Das Areal bietet Platz. Nicht nur für Kultur, sondern auch für die Ansiedlung von Unternehmen. Ein paar sind schon hier, sagt Krüger:

"Es soll in einen Dreiklang münden. Das heißt Kultur, neue Wirtschaft und Wohnen. Und somit soll dieses Gelände auch exemplarisch für etwas stehen, was auch in Weißwasser und für die gesamte Lausitz eine Zukunftsperspektive darstellen soll, nämlich das Nutzen vorhandener Flächen für neue Perspektiven auch in wirtschaftlicher Richtung."
Entwicklungen, die sicher noch eine Weile dauern werden. Krüger betont die guten Bedingungen, das billige Bauland, den Wohnraum.
Allerdings hat gerade dieser Ort eine ganz spezielle Geschichte, die ihn mit dem Eishockey verbindet, sagt Krüger:

"Wir befinden uns hier auf dem Gelände des ehemaligen Spezialglas-Werkes Einheit, oder an den Osram-Werken. Das ist eines der ehemaligen Spezialglas-Werke, von denen es einige in Weißwasser gab. Und es ist ein Ausgangspunkt, unter anderem für den Eissport in Weißwasser. Denn die sogenannten Jungs von der Osramstraße haben sich damals mit dem Turnerverband 1932 zur ersten Eishockey-Mannschaft von Weißwasser zusammengeschlossen. Und von dort aus ging die lange Historie des Eissports in Weißwasser aus."
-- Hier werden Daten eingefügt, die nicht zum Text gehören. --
lemma signed_orbit_base:
  fixes N :: "real^'d \<Rightarrow> real"
  assumes N: "is_norm N" and fin: "finite \<A>" and chi: "0 < chi N \<A> p"
    and Ws: "set Ws \<subseteq> \<A>" and y0: "mprod Ws *v x \<noteq> 0" and x0: "x \<noteq> 0"
  shows "(chi N \<A> p * N (mprod Ws *v x) / N x) *\<^sub>R x
           \<in> convex hull signed_orbit \<A> (length Ws) (length Ws + p) x"
proof -
  define y where "y = mprod Ws *v x"
  have Ny: "N y > 0" and Nx: "N x > 0" using is_norm_pos[OF N] y0 x0 unfolding y_def by auto
  define v where "v = (1 / N y) *\<^sub>R y"
  have "N v = 1" unfolding v_def using is_normD(3)[OF N] Ny by simp
  define w where "w = (chi N \<A> p / N x) *\<^sub>R x"
  have "N w = chi N \<A> p" unfolding w_def using is_normD(3)[OF N] Nx chi by simp
  hence w: "w \<in> sym_orbit_hull \<A> p v"
    using ball_in_sym_orbit_hull[OF N fin chi chi_le[OF N fin \<open>N v = 1\<close>]] by simp
  have y_word: "1 *\<^sub>R y \<in> signed_orbit \<A> (length Ws) (length Ws) x"
    unfolding y_def using Ws by (intro signed_orbit_memI) (auto simp: words_def)
  have "N y *\<^sub>R w \<in> convex hull signed_orbit \<A> (length Ws) (length Ws + p) x"
  proof (rule linear_image_in_convex_hull[OF linear_scale_self w[unfolded sym_orbit_hull_def]])
    fix s assume "s \<in> orbit \<A> p v \<union> orbit \<A> p (- v)"
    then obtain \<sigma> Bs where B: "\<sigma> \<in> {1, -1}" "Bs \<in> words \<A> 0 p" "s = \<sigma> *\<^sub>R (mprod Bs *v v)"
      by (rule sym_orbit_generator)
    have "N y *\<^sub>R s = \<sigma> *\<^sub>R (mprod Bs *v (1 *\<^sub>R y))"
      unfolding B(3) v_def using Ny by (simp add: matrix_vector_mult_scaleR)
    also have "\<dots> \<in> signed_orbit \<A> (length Ws) (length Ws + p) x"
      using signed_orbit_compose[OF B(2,1) y_word] by (simp add: add.commute)
    finally show "N y *\<^sub>R s \<in> convex hull signed_orbit \<A> (length Ws) (length Ws + p) x"
      by (rule hull_inc)
  qed
  moreover have "N y *\<^sub>R w = (chi N \<A> p * N y / N x) *\<^sub>R x" unfolding w_def by simp
  ultimately show ?thesis unfolding y_def by simp
qed

lemma signed_orbit_opnorm:
  fixes N :: "real^'d \<Rightarrow> real"
  assumes N: "is_norm N" and x0: "x \<noteq> 0" and c: "c *\<^sub>R x \<in> convex hull signed_orbit \<A> lo hi x"
  shows "\<exists>Hs\<in>words \<A> lo hi. c \<le> opnorm N (mprod Hs)"
proof -
  obtain s where s: "s \<in> signed_orbit \<A> lo hi x" "N (c *\<^sub>R x) \<le> N s"
    using is_norm_convex_hull_bound[OF N c] by blast
  then obtain \<sigma> Hs where H: "\<sigma> \<in> {1, -1}" "Hs \<in> words \<A> lo hi" "s = \<sigma> *\<^sub>R (mprod Hs *v x)"
    unfolding signed_orbit_def by blast
  have "N s = N (mprod Hs *v x)" using H(1,3) is_norm_uminus[OF N] by auto
  moreover have "c * N x \<le> N (c *\<^sub>R x)"
    using is_normD(3)[OF N] is_normD(1)[OF N, of x] by (simp add: mult_right_mono)
  ultimately have "c * N x \<le> N (mprod Hs *v x)" using s(2) by linarith
  hence "c \<le> N (mprod Hs *v x) / N x" using is_norm_pos[OF N x0] by (simp add: field_simps)
  thus ?thesis using H(2) opnorm_ge[OF N x0] by (blast intro: order_trans)
qed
Die "Jungs von der Osramstraße": Von hier aus war es nur ein kurzer Fußweg zum Braunsteich, dem Gewässer, auf dem die Spieler die ersten Titel feierten. Hier schließt sich der Kreis. Und hier treffen sich Pötzsch, Rohrbach und Krüger, die alle optimistisch in die Zukunft der einstmals schrumpfenden Stadt blicken.